# Another Tree Trimmer Electrocuted



## TreemanFJR (Aug 29, 2006)

It is just a coincidence that both of these men(the other man was from the other electrocution i just posted) were 43 years old. This happened just yesterday (Aug. 28, 2006) and is only a few minutes from me. The other thread I posted happened about a week ago. I read about all of the other injuries and fatalities on here all the time, but when it occurs close to home it really does hit me a lot more.

http://www.nwherald.com/CommunitySection/364568376819031.php




Tree trimmer electrocuted

[published on Tue, Aug 29, 2006]

PISTAKEE HIGHLANDS – A 43-year-old Lake in the Hills man hung dead from a tree Monday for more than two hours after he was electrocuted while tree trimming at a residence on Rand Drive.

Pastor Zepeda, 600 Delaware Drive, died about 4:45 p.m. when a tree limb he was cutting fell onto a power line and jolted him to death. Zepeda ran home-based Arborcare tree service and was anchored in the tree with a rope and harness when he died.

Rescue crews had to wait more than two hours – while ComEd and a special rescue team were called in and the scene was photographed – before Zepeda's body could be removed, said Sgt. Steve Schmitt of the McHenry County Sheriff's Department.

"Once he was electrocuted, there was nothing we could do to save him," said Mike Majercik, assistant chief of the McHenry Township Fire Protection District. "We had to have the power cut and we got a rescue team in to do a high-rope rescue."

Nearby, his wife rested on the front bumper of a drizzle-coated white sports utility vehicle with her hands on her head, weeping over her loss, while rescue crews worked to remove the body.

His four children, meanwhile, waited teary-eyed in the back seat of the same vehicle, parked on Deeparth Drive.

The man's body was visible from Deerpath Drive as he hung suspended about 30 feet above ground.

The body was taken down from the tree about 7:10 p.m. with help from a ComEd bucket truck.

"He was cutting with a hand saw when a limb fell," said Ariel Santano, who was working with Zepeda at the time of the accident.
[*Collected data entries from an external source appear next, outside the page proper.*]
lemma layer_iff_rc_rank_less: "u \<in> layer K n \<longleftrightarrow> rc_rank K u < enat n"
proof
  assume u: "u \<in> layer K n"
  then obtain m where n: "n = Suc m" by (cases n) auto
  with u have "(LEAST k. u \<in> layer K (Suc k)) \<le> m" by (intro Least_le) simp
  moreover have "\<exists>n. u \<in> layer K n" using u by blast
  ultimately show "rc_rank K u < enat n"
    unfolding rc_rank_def n by simp
next
  assume "rc_rank K u < enat n"
  then obtain k where k: "rc_rank K u = enat k" "k < n" by (cases "rc_rank K u") auto
  then obtain m where "u \<in> layer K m" and k_Least: "k = (LEAST k. u \<in> layer K (Suc k))"
    unfolding rc_rank_def by (auto split: if_splits)
  then have "\<exists>k. u \<in> layer K (Suc k)" using layer_mono[of m "Suc m" K] by auto
  then have "u \<in> layer K (Suc k)" unfolding k_Least by (rule LeastI_ex)
  with k show "u \<in> layer K n" using layer_mono[of "Suc k" n K] by auto
qed

lemma rc_rank_eq_iff: "rc_rank K u = enat n \<longleftrightarrow> u \<in> layer K (Suc n) - layer K n"
proof -
  have "rc_rank K u = enat n \<longleftrightarrow> rc_rank K u < enat (Suc n) \<and> \<not> rc_rank K u < enat n"
    by (cases "rc_rank K u") auto
  then show ?thesis by (simp only: Diff_iff layer_iff_rc_rank_less)
qed

lemma ranked_interp_rc_rank: "ranked_interp (rc_rank K)"
  unfolding ranked_interp_def
proof (intro allI impI)
  fix u i j assume "rc_rank K u = enat i" and "j < i"
  have "layer K (Suc j) \<noteq> layer K j"
  proof
    assume stable: "layer K (Suc j) = layer K j"
    have "layer K (Suc i) = layer K j" "layer K i = layer K j"
      using \<open>j < i\<close> by (intro layer_stable[OF stable]; simp)+
    moreover have "u \<in> layer K (Suc i) - layer K i"
      using \<open>rc_rank K u = enat i\<close> by (simp only: rc_rank_eq_iff)
    ultimately show False by simp
  qed
  then obtain v where "v \<in> layer K (Suc j) - layer K j"
    using layer_mono[of j "Suc j" K] by auto
  then show "\<exists>v. rc_rank K v = enat j" by (auto simp: rc_rank_eq_iff)
qed
(* Let $n\ge 1$ and let $\epsilon_n=e^{2\pi\sqrt{-1}/n}$. Define \[ \Psi_n(X_0,\dots,X_{n-1})=\prod_{i\in(\mathbb Z/n\mathbb Z)^\times}\Bigl(\sum_{j\in\mathbb Z/n\mathbb Z}\epsilon_n^{ij}X_j\Bigr). \] Let the symmetric group $S_n$, viewed as the permutation group of $\mathbb Z/n\mathbb Z=\{0,1,\dots,n-1\}$, act on $\mathbb C[X_0,\dots,X_{n-1}]$ by $\sigma(X_j)=X_{\sigma(j)}$, and let $\mathrm{Stab}(\Psi_n)=\{\sigma\in S_n:\sigma(\Psi_n)=\Psi_n\}$. Then $\mathrm{Stab}(\Psi_n)=\{\mathrm{id}\}$ if $n=1,2$, and $\mathrm{Stab}(\Psi_n)=G_n$ if $n>2$, where $G_n=\{\alpha_{a,b}: a\in(\mathbb Z/n\mathbb Z)^\times,\ b\in\mathbb Z/n\mathbb Z\}$ and $\alpha_{a,b}$ is the permutation $x\mapsto ax+b$ of $\mathbb Z/n\mathbb Z$.
   Context: $G_n$ is the affine group $\mathrm{AGL}(1,\mathbb Z/n\mathbb Z)$ viewed as a subgroup of $S_n$. *)

theory Defs
  imports Complex_Main "HOL-Combinatorics.Permutations"
begin

text \<open>Polynomials in the variables X_0,...,X_{n-1} over the complex numbers are represented
  by their polynomial functions (nat => complex) => complex; since the complex numbers are an
  infinite field, two polynomials are equal iff their polynomial functions are equal.\<close>

definition eps :: "nat \<Rightarrow> complex" where
  "eps n = cis (2 * pi / real n)"

definition units_mod :: "nat \<Rightarrow> nat set" where
  "units_mod n = {i. i < n \<and> coprime i n}"

definition Psi :: "nat \<Rightarrow> (nat \<Rightarrow> complex) \<Rightarrow> complex" where
  "Psi n X = (\<Prod>i\<in>units_mod n. \<Sum>j<n. eps n ^ (i * j) * X j)"

definition perm_act :: "(nat \<Rightarrow> nat) \<Rightarrow> ((nat \<Rightarrow> complex) \<Rightarrow> complex) \<Rightarrow> ((nat \<Rightarrow> complex) \<Rightarrow> complex)" where
  "perm_act \<sigma> P = (\<lambda>X. P (\<lambda>j. X (\<sigma> j)))"

definition Stab :: "nat \<Rightarrow> (nat \<Rightarrow> nat) set" where
  "Stab n = {\<sigma>. \<sigma> permutes {..<n} \<and> perm_act \<sigma> (Psi n) = Psi n}"

definition affine_perm :: "nat \<Rightarrow> nat \<Rightarrow> nat \<Rightarrow> nat \<Rightarrow> nat" where
  "affine_perm n a b = (\<lambda>x. if x < n then (a * x + b) mod n else x)"

definition G :: "nat \<Rightarrow> (nat \<Rightarrow> nat) set" where
  "G n = {affine_perm n a b | a b. a \<in> units_mod n \<and> b < n}"

end

theory Submission
  imports Defs "HOL-Number_Theory.Totient" "HOL-Library.Real_Mod"
begin
definition gbdf5_a :: "real \<Rightarrow> nat \<Rightarrow> real" where
  "gbdf5_a \<beta> j =
    (if j = 0 then (5*\<beta>^4 + 40*\<beta>^3 + 105*\<beta>^2 + 100*\<beta> + 24) / 120
     else if j = 1 then (-10*\<beta>^4 - 70*\<beta>^3 - 135*\<beta>^2 - 25*\<beta> + 77) / 60
     else if j = 2 then (15*\<beta>^4 + 90*\<beta>^3 + 120*\<beta>^2 - 45*\<beta> - 43) / 60
     else if j = 3 then (-10*\<beta>^4 - 50*\<beta>^3 - 45*\<beta>^2 + 25*\<beta> + 17) / 60
     else if j = 4 then (5*\<beta>^4 + 20*\<beta>^3 + 15*\<beta>^2 - 10*\<beta> - 6) / 120
     else 0)"

definition gbdf5_b :: "real \<Rightarrow> nat \<Rightarrow> real" where
  "gbdf5_b \<beta> j =
    (if j = 0 then \<beta> * (\<beta>^3 + 6*\<beta>^2 + 11*\<beta> + 6) / 24
     else if j = 1 then (- (\<beta>^4) - 5*\<beta>^3 - 5*\<beta>^2 + 5*\<beta> + 6) / 6
     else if j = 2 then \<beta> * (\<beta>^3 + 4*\<beta>^2 + \<beta> - 6) / 4
     else if j = 3 then \<beta> * (- (\<beta>^3) - 3*\<beta>^2 + \<beta> + 3) / 6
     else if j = 4 then \<beta> * (\<beta>^3 + 2*\<beta>^2 - \<beta> - 2) / 24
     else 0)"

definition gbdf5_c :: "real \<Rightarrow> nat \<Rightarrow> real" where
  "gbdf5_c \<beta> j =
    (if j = 0 then (\<beta>^4 + 10*\<beta>^3 + 35*\<beta>^2 + 50*\<beta> + 24) / 24
     else if j = 1 then - (\<beta> * (\<beta>^3 + 9*\<beta>^2 + 26*\<beta> + 24) / 6)
     else if j = 2 then \<beta> * (\<beta>^3 + 8*\<beta>^2 + 19*\<beta> + 12) / 4
     else if j = 3 then - (\<beta> * (\<beta>^3 + 7*\<beta>^2 + 14*\<beta> + 8) / 6)
     else if j = 4 then \<beta> * (\<beta>^3 + 6*\<beta>^2 + 11*\<beta> + 6) / 24
     else 0)"

definition trig_poly :: "(nat \<Rightarrow> real) \<Rightarrow> nat \<Rightarrow> real \<Rightarrow> complex" where
  "trig_poly coef n \<theta> = (\<Sum>j\<le>n. complex_of_real (coef j) * exp (\<i> * complex_of_real (real j * \<theta>)))"

definition kk :: nat where "kk = 5"

definition a_fun :: "real \<Rightarrow> real \<Rightarrow> complex" where
  "a_fun \<beta> \<theta> = trig_poly (gbdf5_a \<beta>) (kk - 1) \<theta>"
definition b_fun :: "real \<Rightarrow> real \<Rightarrow> complex" where
  "b_fun \<beta> \<theta> = trig_poly (gbdf5_b \<beta>) kk \<theta>"
definition c_fun :: "real \<Rightarrow> real \<Rightarrow> complex" where
  "c_fun \<beta> \<theta> = trig_poly (gbdf5_c \<beta>) (kk - 1) \<theta>"

definition sigma_F :: "real \<Rightarrow> real" where
  "sigma_F \<beta> = (SUP \<theta>\<in>{0..<2*pi}. cmod (1 / a_fun \<beta> \<theta>))"
definition sigma_E :: "real \<Rightarrow> real" where
  "sigma_E \<beta> = (SUP \<theta>\<in>{0..<2*pi}. cmod (c_fun \<beta> \<theta> / a_fun \<beta> \<theta>))"
definition lambda_I :: "real \<Rightarrow> real" where
  "lambda_I \<beta> = (INF \<theta>\<in>{0..<2*pi}. Re (b_fun \<beta> \<theta> / a_fun \<beta> \<theta>))"
definition I_IE :: "real \<Rightarrow> real" where
  "I_IE \<beta> = lambda_I \<beta> / sigma_E \<beta>"

end

theory Submission
  imports Defs
begin

(* Put x = cos theta.  Since cos (j theta) = T_j(x) and sin (j theta) = sin theta U_(j-1)(x),
   the quantities |a|^2, |c|^2 and Re (b conj a) are polynomials in x.
   The bounds for beta >= 1 are the values at theta = 0 and theta = pi; they bound the supremum
   and infimum because |a| >= 2/5 uniformly.  That lower bound comes from writing |a|^2 in
   u = (1 - x)/2 as 1 + u/3 + 8u^2/45 - N u^3 + P u^4 and absorbing N u^3 <= 4/5 + P u^4 by the
   weighted AM-GM inequality 256 k y^3 <= 27 (k + y)^4.  For beta = 20 the three estimates are
   positivity statements for quartics in x, certified by explicit sums of squares. *)

fun cheb_T :: "nat \<Rightarrow> real \<Rightarrow> real" where
  "cheb_T 0 x = 1"
| "cheb_T (Suc 0) x = x"
| "cheb_T (Suc (Suc n)) x = 2 * x * cheb_T (Suc n) x - cheb_T n x"

fun cheb_U :: "nat \<Rightarrow> real \<Rightarrow> real" where
  "cheb_U 0 x = 1"
| "cheb_U (Suc 0) x = 2 * x"
| "cheb_U (Suc (Suc n)) x = 2 * x * cheb_U (Suc n) x - cheb_U n x"

lemma cos_of_nat_mult_eq_cheb_T: "cos (real n * \<theta>) = cheb_T n (cos \<theta>)"
proof (induction n "cos \<theta>" rule: cheb_T.induct)
  case (3 n)
  let ?x = "real (Suc n) * \<theta>"
  have "cos (?x + \<theta>) = 2 * cos \<theta> * cos ?x - cos (?x - \<theta>)"
    by (simp add: cos_add cos_diff)
  moreover have "?x + \<theta> = real (Suc (Suc n)) * \<theta>" "?x - \<theta> = real n * \<theta>"
    by (simp_all add: algebra_simps)
  ultimately show ?case using 3 by simp
qed simp_all

lemma sin_Suc_mult_eq_cheb_U: "sin (real (Suc n) * \<theta>) = sin \<theta> * cheb_U n (cos \<theta>)"
proof (induction n "cos \<theta>" rule: cheb_U.induct)
  case 2
  then show ?case by (simp add: sin_double)
next
  case (3 n)
  let ?x = "real (Suc (Suc n)) * \<theta>"
  have "sin (?x + \<theta>) = 2 * cos \<theta> * sin ?x - sin (?x - \<theta>)"
    by (simp add: sin_add sin_diff)
  moreover have "?x + \<theta> = real (Suc (Suc (Suc n))) * \<theta>" "?x - \<theta> = real (Suc n) * \<theta>"
    by (simp_all add: algebra_simps)
  ultimately show ?case using 3 by (simp add: algebra_simps)
qed simp

definition cos_poly :: "(nat \<Rightarrow> real) \<Rightarrow> nat \<Rightarrow> real \<Rightarrow> real" where
  "cos_poly f n x = (\<Sum>j\<le>n. f j * cheb_T j x)"

definition sin_poly :: "(nat \<Rightarrow> real) \<Rightarrow> nat \<Rightarrow> real \<Rightarrow> real" where
  "sin_poly f n x = (\<Sum>j<n. f (Suc j) * cheb_U j x)"

lemma Re_trig_poly: "Re (trig_poly f n \<theta>) = cos_poly f n (cos \<theta>)"
  by (simp add: trig_poly_def cos_poly_def Re_exp cos_of_nat_mult_eq_cheb_T)

lemma Im_trig_poly: "Im (trig_poly f n \<theta>) = sin \<theta> * sin_poly f n (cos \<theta>)"
proof -
  have "Im (trig_poly f n \<theta>) = (\<Sum>j<Suc n. f j * sin (real j * \<theta>))"
    by (simp add: trig_poly_def Im_exp lessThan_Suc_atMost)
  also have "\<dots> = (\<Sum>j<n. f (Suc j) * sin (real (Suc j) * \<theta>))"
    by (subst sum.lessThan_Suc_shift) simp
  also have "\<dots> = sin \<theta> * sin_poly f n (cos \<theta>)"
    unfolding sin_poly_def sum_distrib_left sin_Suc_mult_eq_cheb_U by (simp add: mult_ac)
  finally show ?thesis .
qed

lemma trig_poly_Suc_eq: "f (Suc n) = 0 \<Longrightarrow> trig_poly f (Suc n) \<theta> = trig_poly f n \<theta>"
  by (simp add: trig_poly_def)

lemma trig_poly_sin_eq_0: "sin \<theta> = 0 \<Longrightarrow> trig_poly f n \<theta> = of_real (cos_poly f n (cos \<theta>))"
  by (rule complex_eqI) (simp_all add: Re_trig_poly Im_trig_poly)

definition sq_norm_poly :: "(nat \<Rightarrow> real) \<Rightarrow> nat \<Rightarrow> real \<Rightarrow> real" where
  "sq_norm_poly f n x = cos_poly f n x ^ 2 + (1 - x\<^sup>2) * sin_poly f n x ^ 2"

definition re_conj_poly :: "(nat \<Rightarrow> real) \<Rightarrow> nat \<Rightarrow> (nat \<Rightarrow> real) \<Rightarrow> nat \<Rightarrow> real \<Rightarrow> real" where
  "re_conj_poly g m f n x =
     cos_poly g m x * cos_poly f n x + (1 - x\<^sup>2) * (sin_poly g m x * sin_poly f n x)"

lemma norm_trig_poly_power2: "(cmod (trig_poly f n \<theta>))\<^sup>2 = sq_norm_poly f n (cos \<theta>)"
  by (simp add: cmod_power2 Re_trig_poly Im_trig_poly sq_norm_poly_def power_mult_distrib
      sin_squared_eq)
lemma quadratic_factor_int:
  fixes d x :: int
  shows "(of_int x)^2 + (of_int d + 1) * of_int x + of_int d * (of_int d + 1) / 2
      = (of_int (x^2 + (d + 1) * x + d * (d + 1) div 2) :: rat)"
    and "4 * (x^2 + (d + 1) * x + d * (d + 1) div 2) = (2 * x + d + 1)^2 + (d^2 - 1)"
proof -
  have half: "2 * (d * (d + 1) div 2) = d * (d + 1)" by simp
  then show "4 * (x^2 + (d + 1) * x + d * (d + 1) div 2) = (2 * x + d + 1)^2 + (d^2 - 1)"
    by algebra
  show "(of_int x)^2 + (of_int d + 1) * of_int x + of_int d * (of_int d + 1) / 2
      = (of_int (x^2 + (d + 1) * x + d * (d + 1) div 2) :: rat)"
    by (simp add: of_int_div)
qed

theorem lemma4p1:
  fixes d x y :: int and l :: nat
  assumes "d \<ge> 3" and "prime l" and "l \<ge> 5"
    and "of_int d * (2 * of_int x + of_int d + 1) *
         ((of_int x)^2 + (of_int d + 1) * of_int x + of_int d * (of_int d + 1) / 2)
         = (2 * (of_int y) ^ l :: rat)"
  shows "\<exists>y1 y2 :: rat. \<exists>\<alpha> \<beta>. (\<alpha>, \<beta>) \<in> A_set d \<and>
           2 * of_int x + of_int d + 1 = \<alpha> * y1 ^ l \<and>
           (of_int x)^2 + (of_int d + 1) * of_int x + of_int d * (of_int d + 1) / 2 = \<beta> * y2 ^ l \<and>
           (d \<le> 50 \<longrightarrow> y1 \<in> \<int> \<and> y2 \<in> \<int>)"
proof -
  define a where "a = 2 * x + d + 1"
  define b where "b = x^2 + (d + 1) * x + d * (d + 1) div 2"
  have a_rat: "2 * of_int x + of_int d + 1 = (of_int a :: rat)"
    by (simp add: a_def)
  note b_rat = quadratic_factor_int(1)[of x d, folded b_def]
  have "of_int (d * a * b) = (of_int (2 * y ^ l) :: rat)"
    using assms(4) by (simp add: a_rat b_rat)
  then have "d * a * b = 2 * y ^ l" by (simp only: of_int_eq_iff)
  moreover have "4 * b = a^2 + (d^2 - 1)"
    unfolding a_def b_def by (rule quadratic_factor_int(2))
  moreover have "even (a + d + 1)" by (simp add: a_def)
  ultimately interpret factored_equation d a b y l
    using assms(1-3) by unfold_locales
  \<comment> \<open>The construction yields integral y1 and y2 for every d.\<close>
  from exists_A_set_factorization obtain \<alpha> \<beta> y1 y2 where
    "(\<alpha>, \<beta>) \<in> A_set d" "of_int a = \<alpha> * of_int y1 ^ l" "of_int b = \<beta> * of_int y2 ^ l"
    by blast
  then show ?thesis
    unfolding a_rat b_rat by (intro exI[of _ "of_int y1"] exI[of _ "of_int y2"] exI conjI) auto
qed
(* Let $m\in(1,2]$ and let $U\in C^3(\mathbb{R}^d)$ satisfy: there exists $A_1\ge0$ with $\|D^kU(q)\|\le A_1(\|q\|+1)^{m-k}$ for all $q$ and $k=2,3$; and there exist $A_3>0$, $A_4\in\mathbb{R}$ with $\langle\nabla U(q),q\rangle\ge A_3\|q\|^m-A_4$ for all $q$. Let $T\in\mathbb{N}^*$ and for $a>0$ let $V_a(q)=\exp(a\|q\|)$. Define $\tilde Q_{h,T}V_a(q)=(2\pi)^{-d/2}\int_{\mathbb{R}^d}V_a(\Phi^{q,T}_h(q,p))e^{-\|p\|^2/2}dp$. (a) If $m\in(1,2)$, then for all $h>0$ there exist $a>0$, $\lambda\in[0,1)$ and $b\ge0$ such that $\tilde Q_{h,T}V_a\le\lambda V_a+b$ on $\mathbb{R}^d$. (b) If $m=2$, there exists $h_0>0$ such that for all $h\in(0,h_0]$ there exist $a>0$, $\lambda\in[0,1)$, $b\ge0$ with $\tilde Q_{h,T}V_a\le\lambda V_a+b$ on $\mathbb{R}^d$.
   Context: $D^kU$ is the $k$-th differential with operator norm. For $h>0$ the leapfrog map is $\Phi_h=\Psi^{(1)}_h\circ\Psi^{(2)}_h\circ\Psi^{(1)}_h$ with $\Psi^{(1)}_h(q,p)=(q,p-(h/2)\nabla U(q))$ and $\Psi^{(2)}_h(q,p)=(q+hp,p)$; $\Phi^{\circ T}_h$ is its $T$-fold composition and $\Phi^{q,T}_h$ the position component of $\Phi^{\circ T}_h$. *)

theory Defs
  imports "HOL-Analysis.Analysis"
begin

text \<open>Leapfrog integrator, parametrised by the gradient field gU of the potential U.\<close>

definition psi1 :: "('a::real_normed_vector \<Rightarrow> 'a) \<Rightarrow> real \<Rightarrow> 'a \<times> 'a \<Rightarrow> 'a \<times> 'a" where
  "psi1 gU h = (\<lambda>(q, p). (q, p - (h / 2) *\<^sub>R gU q))"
Santano also identified himself as the brother-in-law of the wife. "We did notice the power lines, but we were doing it very carefully."

It was raining around the time of the accident.

Zepeda recently had started the tree business and moved to the United States from Mexico about two years ago, Santano said.

Maureen Papp, who lives at 503 Rand Drive, said she instantly knew something was wrong when she heard a loud zap and a man yelling.

"I knew it was a holler for help and I looked over and called for help," said Papp, who dialed 911. "I don't know if the limb got stuck on him, but he was jolted badly. We were looking for something to throw at [the limb] to knock it off."

Nobody was home at the property where Zepeda was working at the time of the accident.

– Northwest Herald reporter Jocelyn Allison contributed to this report.


----------



## l2edneck (Aug 29, 2006)

im speechless,it scares me most becuzz of the children i sure hope the couldnt see him.makes me hug my kids all the more.


----------



## TreemanFJR (Aug 29, 2006)

Yeah when I read about the wife and four kids I literally shivered. I really wish everyone to be safe. If you have to take the extra time to do things safe by all means do it.


----------



## BlueRidgeMark (Aug 30, 2006)

TreemanFJR said:


> "We did notice the power lines, but we were doing it very carefully."




Uh, yeah. Very carefully. Tell that to his wife and children.


:bang:


----------